section \<open>The multiplication-by-n series\<close>

lemma fps_dvd_nth_if_dvd_unit_mult:
  fixes f g :: "'a::comm_ring_1 fps"
  assumes f0: "f $ 0 = 1" and dvd: "\<And>n. c dvd (f * g) $ n"
  shows "c dvd g $ n"
proof (induct n rule: less_induct)
  case (less n)
  have "(f * g) $ n = g $ n + (\<Sum>i\<in>{1..n}. f $ i * g $ (n - i))"
    by (simp add: fps_mult_nth f0 sum.atLeast_Suc_atMost)
  moreover have "c dvd (\<Sum>i\<in>{1..n}. f $ i * g $ (n - i))"
    by (intro dvd_sum dvd_mult less) auto
  ultimately show ?case
    using dvd[of n] by (metis dvd_add_left_iff)
qed

lemma of_nat_dvd_mult_coprime:
  fixes x :: "'a::comm_ring_1"
  assumes "coprime k p" and "of_nat p dvd of_nat k * x"
  shows "of_nat p dvd x"
proof -
  obtain a b where "a * int k + b * int p = 1"
    using bezout_int[of "int k" "int p"] assms(1) by (auto simp: coprime_iff_gcd_eq_1)
  then have "of_int a * of_nat k + of_int b * of_nat p = (1::'a)"
    by (metis of_int_1 of_int_add of_int_mult of_int_of_nat_eq)
  then have "x = of_int a * (of_nat k * x) + of_nat p * (of_int b * x)"
    by (metis (no_types, lifting) distrib_right mult.assoc mult.commute mult_1)
  with assms(2) show ?thesis
    by (metis dvd_add dvd_mult dvd_triv_left)
qed

lemma fps_eq_X_power_mult_plus_const_mult:
  fixes f :: "'a::comm_ring_1 fps"
  assumes "\<And>k. k < n \<Longrightarrow> c dvd f $ k"
  obtains g h where "f = fps_X ^ n * g + fps_const c * h"
proof
  define h where "h = Abs_fps (\<lambda>k. if k < n then (SOME d. f $ k = c * d) else 0)"
  have "fps_cutoff n f = fps_const c * h"
  proof (rule fps_ext)
    fix k
    show "fps_cutoff n f $ k = (fps_const c * h) $ k"
      using someI_ex[of "\<lambda>d. f $ k = c * d"] assms[of k] by (auto simp: h_def dvd_def)
  qed
  then show "f = fps_X ^ n * fps_shift n f + fps_const c * h"
    using fps_shift_cutoff'[of n f] by simp
qed

context fgl
begin

lemma fgl_mult_nth_0: "fgl_mult F n $ 0 = 0"
  by (induct rule: fgl_mult.induct[of "\<lambda>_ n. fgl_mult F n $ 0 = 0"])
     (simp_all add: subst21_X_eq_subst_x F_0_0)

lemma fgl_mult_Suc: "fgl_mult F (Suc n) = subst_x (fgl_mult F n) F"
  by (cases n) (simp_all add: subst_x_0_F subst21_X_eq_subst_x fgl_mult_nth_0)

lemma fgl_mult_deriv: "F $ 1 * fps_deriv (fgl_mult F n) = of_nat n * (F $ 1 oo fgl_mult F n)"
proof (induct n)
  case (Suc n)
  define u where "u = fgl_mult F n"
  define P where "P = F $ 1"
  have u0: "u $ 0 = 0"
    by (simp add: u_def fgl_mult_nth_0)
  have IH: "P * fps_deriv u = of_nat n * (P oo u)"
    using Suc by (simp add: u_def P_def)
  have y: "P * subst_x u (fps_deriv F) = P oo subst_x u F"
    using arg_cong[OF deriv_y_F, of "subst_x u"]
    by (simp add: P_def subst_x_mult[OF u0] subst_x_subst12[OF u0 F_0_0] mult.commute)
  have x: "(P oo u) * subst_x u (fps_map fps_deriv F) = P oo subst_x u F"
    using arg_cong[OF deriv_x_F, of "subst_x u"]
    by (simp add: P_def subst_x_mult[OF u0] subst_x_subst12[OF u0 F_0_0] mult.commute)
  have "P * fps_deriv (subst_x u F)
      = subst_x u (fps_map fps_deriv F) * (P * fps_deriv u) + P * subst_x u (fps_deriv F)"
    by (simp add: subst_x_deriv[OF u0] algebra_simps)
  also have "\<dots> = of_nat n * ((P oo u) * subst_x u (fps_map fps_deriv F)) + (P oo subst_x u F)"
    by (simp add: IH y algebra_simps)
  also have "\<dots> = of_nat (Suc n) * (P oo subst_x u F)"
    by (simp add: x algebra_simps)
  finally show ?case
    by (simp add: fgl_mult_Suc u_def P_def)
qed simp

lemma fgl_mult_prime_nth_dvd:
  assumes "prime p" "\<not> p dvd k"
  shows "of_nat p dvd fgl_mult F p $ k"
proof (rule of_nat_dvd_mult_coprime)
  show "coprime k p"
    using prime_imp_coprime[OF assms] by (simp add: coprime_commute)
  have "of_nat p dvd (F $ 1 * fps_deriv (fgl_mult F p)) $ n" for n
    by (simp only: fgl_mult_deriv fps_mult_of_nat_nth dvd_triv_left)
  then have "of_nat p dvd fps_deriv (fgl_mult F p) $ (k - 1)"
    by (rule fps_dvd_nth_if_dvd_unit_mult[rotated]) (rule F_1_0)
  moreover have "k \<noteq> 0"
    using assms(2) by (metis dvd_0_right)
  ultimately show "of_nat p dvd of_nat k * fgl_mult F p $ k"
    by simp
qed

lemma fgl_mult_prime_decomp:
  assumes "prime p"
  obtains N M where "fgl_mult F p = fps_X ^ p * N + fps_const (of_nat p) * M"
proof (rule fps_eq_X_power_mult_plus_const_mult)
  fix k assume "k < p"
  show "of_nat p dvd fgl_mult F p $ k"
  proof (cases "k = 0")
    case False
    with \<open>k < p\<close> have "\<not> p dvd k"
      by (auto dest: dvd_imp_le)
    then show ?thesis
      by (rule fgl_mult_prime_nth_dvd[OF assms])
  qed (simp add: fgl_mult_nth_0)
qed

end

section \<open>The inversion series\<close>

locale unitriangular_fps_map =
  fixes G :: "'a::comm_ring_1 fps \<Rightarrow> 'a fps"
  assumes nth_0: "s $ 0 = 0 \<Longrightarrow> G s $ 0 = 0"
    and nth_step: "\<lbrakk>s $ 0 = 0; s' $ 0 = 0; 0 < n; \<And>k. k < n \<Longrightarrow> s $ k = s' $ k\<rbrakk>
      \<Longrightarrow> G s $ n = G s' $ n + (s $ n - s' $ n)"
begin

lemma nth_cong:
  assumes "s $ 0 = 0" "s' $ 0 = 0" "\<And>k. k \<le> n \<Longrightarrow> s $ k = s' $ k"
  shows "G s $ n = G s' $ n"
  using assms nth_0 nth_step[OF assms(1,2), of n] by (cases "n = 0") auto

text \<open>\<^term>\<open>approx n\<close> solves G s = 0 modulo t^(n+1): by \<open>nth_step\<close>, subtracting
  (G s)_(n+1) t^(n+1) from s kills the next coefficient of G s and keeps the lower ones.\<close>

fun approx :: "nat \<Rightarrow> 'a fps" where
  "approx 0 = 0"
| "approx (Suc n) = approx n - fps_const (G (approx n) $ Suc n) * fps_X ^ Suc n"

lemma approx_nth_0: "approx n $ 0 = 0"
  by (induct n) simp_all

lemma approx_nth_above: "n < k \<Longrightarrow> approx n $ k = 0"
  by (induct n) auto

lemma approx_nth_stable: "k \<le> n \<Longrightarrow> approx n $ k = approx k $ k"
  by (induct n) (auto simp: le_Suc_eq)

lemma G_approx_nth: "k \<le> n \<Longrightarrow> G (approx n) $ k = 0"
proof (induct n arbitrary: k)
  case 0
  then show ?case
    by (simp add: nth_0)
next
  case (Suc n)
  show ?case
  proof (cases "k \<le> n")
    case True
    have "G (approx (Suc n)) $ k = G (approx n) $ k"
      using True by (intro nth_cong) (auto simp: approx_nth_0)
    then show ?thesis
      using Suc True by simp
  next
    case False
    have "approx n $ Suc n = 0"
      by (simp add: approx_nth_above)
    moreover have "G (approx (Suc n)) $ Suc n
        = G (approx n) $ Suc n + (approx (Suc n) $ Suc n - approx n $ Suc n)"
      by (intro nth_step) (auto simp: approx_nth_0)
    ultimately show ?thesis
      using False Suc.prems by (simp add: le_Suc_eq)
  qed
qed

lemma zero_unique:
  assumes s: "s $ 0 = 0" "G s = 0" and s': "s' $ 0 = 0" "G s' = 0"
  shows "s = s'"
proof -
  have "s $ n = s' $ n" for n
  proof (induct n rule: less_induct)
    case (less n)
    then show ?case
      using s s' nth_step[of s s' n] by (cases "n = 0") auto
  qed
  then show ?thesis
    by (simp add: fps_eq_iff)
qed

lemma ex1_zero: "\<exists>!s. s $ 0 = 0 \<and> G s = 0"
proof -
  define s where "s = Abs_fps (\<lambda>k. approx k $ k)"
  have "G s $ n = G (approx n) $ n" for n
  proof (rule nth_cong)
    fix k assume "k \<le> n"
    then show "s $ k = approx n $ k"
      using approx_nth_stable[OF \<open>k \<le> n\<close>] by (simp add: s_def)
  qed (simp_all add: s_def approx_nth_0)
  then have "s $ 0 = 0 \<and> G s = 0"
    by (simp add: fps_eq_iff G_approx_nth s_def approx_nth_0)
  then show ?thesis
    using zero_unique by blast
qed

end

lemma subst21_X_left_nth:
  "subst21 F fps_X s $ n = (\<Sum>i\<le>n. \<Sum>j\<le>n. F $ j $ i * (if n < i then 0 else (s ^ j) $ (n - i)))"
  by (simp add: subst21_def coeff2_def fps_X_power_mult_nth)

context fgl
begin

lemma unitriangular_subst21_X_left: "unitriangular_fps_map (subst21 F fps_X)"
proof
  fix s :: "'a fps"
  show "subst21 F fps_X s $ 0 = 0"
    by (simp add: subst21_X_left_nth F_0_0)
next
  fix s s' :: "'a fps" and n :: nat
  assume s0: "s $ 0 = 0" and s'0: "s' $ 0 = 0" and "0 < n"
    and eq: "\<And>k. k < n \<Longrightarrow> s $ k = s' $ k"
  have diff: "F $ j $ i * ((if n < i then 0 else (s ^ j) $ (n - i))
        - (if n < i then 0 else (s' ^ j) $ (n - i)))
      = (if 1 = j \<and> 0 = i then s $ n - s' $ n else 0)" for i j
  proof (cases "i = 0")
    case True
    then show ?thesis
      using fps_power_nth_cong_top[OF s0 s'0 eq, of j] by (auto simp: F_nth_0)
  next
    case False
    have "n < i \<or> (s ^ j) $ (n - i) = (s' ^ j) $ (n - i)"
      using False eq by (auto intro: fps_power_nth_cong)
    then show ?thesis
      using False by auto
  qed
  then have "subst21 F fps_X s $ n - subst21 F fps_X s' $ n
      = (\<Sum>i\<le>n. \<Sum>j\<le>n. if 1 = j \<and> 0 = i then s $ n - s' $ n else 0)"
    by (simp only: subst21_X_left_nth diff flip: sum_subtractf right_diff_distrib)
  also have "\<dots> = s $ n - s' $ n"
    using \<open>0 < n\<close> by (subst sum_sum_delta) simp_all
  finally show "subst21 F fps_X s $ n = subst21 F fps_X s' $ n + (s $ n - s' $ n)"
    by (simp add: algebra_simps)
qed

lemma fgl_inv: "fgl_inv F $ 0 = 0" "subst21 F fps_X (fgl_inv F) = 0"
  using theI'[OF unitriangular_fps_map.ex1_zero[OF unitriangular_subst21_X_left]]
  by (simp_all add: fgl_inv_def)


lemma F_x_inv_y_eq:
  "subst22 F X2 (lift_y (fgl_inv F)) = (X2 - Y2) * fps2_diff_quot (subst22 F X2 (lift_y (fgl_inv F)))"
proof -
  have "fps_diag (subst22 F X2 (lift_y (fgl_inv F))) = 0"
    using fgl_inv by (simp add: fps_diag_subst22 X2_def)
  then show ?thesis
    using fps2_sub_diag_eq[of "subst22 F X2 (lift_y (fgl_inv F))"] by simp
qed

end

section \<open>Reduction modulo p\<close>

lemma prime_dvd_power_add_sub:
  fixes x y :: "'a::comm_ring_1"
  assumes p: "prime p"
  shows "of_nat p dvd (x + y) ^ p - x ^ p - y ^ p"
proof -
  define t where "t k = of_nat (p choose k) * x ^ k * y ^ (p - k)" for k
  have "0 < p"
    using p by (simp add: prime_gt_0_nat)
  then have "{..p} = insert 0 (insert p {1..<p})"
    by auto
  then have "(x + y) ^ p = y ^ p + x ^ p + (\<Sum>k\<in>{1..<p}. t k)"
    using \<open>0 < p\<close> by (simp add: binomial_ring t_def add_ac)
  moreover have "of_nat p dvd t k" if "k \<in> {1..<p}" for k
  proof -
    have "p dvd p choose k"
      using that p by (intro dvd_choose_prime) auto
    then obtain q where "p choose k = p * q"
      by (elim dvdE)
    then show ?thesis
      by (simp add: t_def mult.assoc)
  qed
  ultimately show ?thesis
    by (simp add: dvd_sum del: atLeastLessThan_iff)
qed

lemma prime_dvd_power_diff_sub:
  fixes x y :: "'a::comm_ring_1"
  assumes p: "prime p"
  shows "of_nat p dvd (x - y) ^ p - (x ^ p - y ^ p)"
proof -
  have "of_nat p dvd (- y) ^ p + y ^ p"
  proof (cases "p = 2")
    case True
    then show ?thesis
      by (simp add: mult_2 [symmetric])
  next
    case False
    then have "odd p"
      using p prime_ge_2_nat[OF p] prime_odd_nat by force
    then show ?thesis
      by (simp add: power_minus_odd)
  qed
  moreover have "of_nat p dvd (x - y) ^ p - x ^ p - (- y) ^ p"
    using prime_dvd_power_add_sub[OF p, of x "- y"] by simp
  ultimately have "of_nat p dvd ((x - y) ^ p - x ^ p - (- y) ^ p) + ((- y) ^ p + y ^ p)"
    by (rule dvd_add[rotated])
  then show ?thesis
    by (simp add: algebra_simps)
qed

theorem lemma8:
  fixes F :: "'a::comm_ring_1 fps fps" and p :: nat
  assumes "prime p" and "formal_group_law F"
  shows "\<exists>A B :: 'a fps fps.
           subst12 (fgl_mult F p) (subst22 F X2 (lift_y (fgl_inv F)))
             = (X2 ^ p - Y2 ^ p) * A + of_nat p * B"
proof -
  interpret fgl F
    by (rule fgl.intro) (rule assms(2))
  define D where "D = subst22 F X2 (lift_y (fgl_inv F))"
  define Q where "Q = fps2_diff_quot D"
  have D0: "D $ 0 $ 0 = 0"
    by (simp add: D_def subst22_nth F_0_0)
  have D: "D = (X2 - Y2) * Q"
    using F_x_inv_y_eq by (simp add: D_def Q_def)
  obtain N M where M: "fgl_mult F p = fps_X ^ p * N + fps_const (of_nat p) * M"
    using fgl_mult_prime_decomp[OF assms(1)] .
  obtain V where V: "(X2 - Y2) ^ p = X2 ^ p - Y2 ^ p + of_nat p * (V :: 'a fps fps)"
    using prime_dvd_power_diff_sub[OF assms(1), of X2 Y2] by (auto elim!: dvdE simp: algebra_simps)
  have "subst12 (fgl_mult F p) D = D ^ p * subst12 N D + of_nat p * subst12 M D"
    by (simp only: M subst12_add subst12_const_mult subst12_X_power_mult[OF D0])
       (simp add: fps_of_nat)
  also have "D ^ p = (X2 ^ p - Y2 ^ p + of_nat p * V) * Q ^ p"
    by (subst D) (simp only: power_mult_distrib V)
  finally have "subst12 (fgl_mult F p) D
      = (X2 ^ p - Y2 ^ p) * (Q ^ p * subst12 N D) + of_nat p * (V * Q ^ p * subst12 N D + subst12 M D)"
    by (simp add: algebra_simps)
  then show ?thesis
    unfolding D_def by blast
qed

end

────

→ What the exercise asks
The answer must consist solely of the lines from the first line of the data to the line holding "obtain a b where", each given again exactly.

→ Reply to the task
section \<open>The multiplication-by-n series\<close>

lemma fps_dvd_nth_if_dvd_unit_mult:
  fixes f g :: "'a::comm_ring_1 fps"
  assumes f0: "f $ 0 = 1" and dvd: "\<And>n. c dvd (f * g) $ n"
  shows "c dvd g $ n"
proof (induct n rule: less_induct)
  case (less n)
  have "(f * g) $ n = g $ n + (\<Sum>i\<in>{1..n}. f $ i * g $ (n - i))"
    by (simp add: fps_mult_nth f0 sum.atLeast_Suc_atMost)
  moreover have "c dvd (\<Sum>i\<in>{1..n}. f $ i * g $ (n - i))"
    by (intro dvd_sum dvd_mult less) auto
  ultimately show ?case
    using dvd[of n] by (metis dvd_add_left_iff)
qed

lemma of_nat_dvd_mult_coprime:
  fixes x :: "'a::comm_ring_1"
  assumes "coprime k p" and "of_nat p dvd of_nat k * x"
  shows "of_nat p dvd x"
proof -
  obtain a b where "a * int k + b * int p = 1"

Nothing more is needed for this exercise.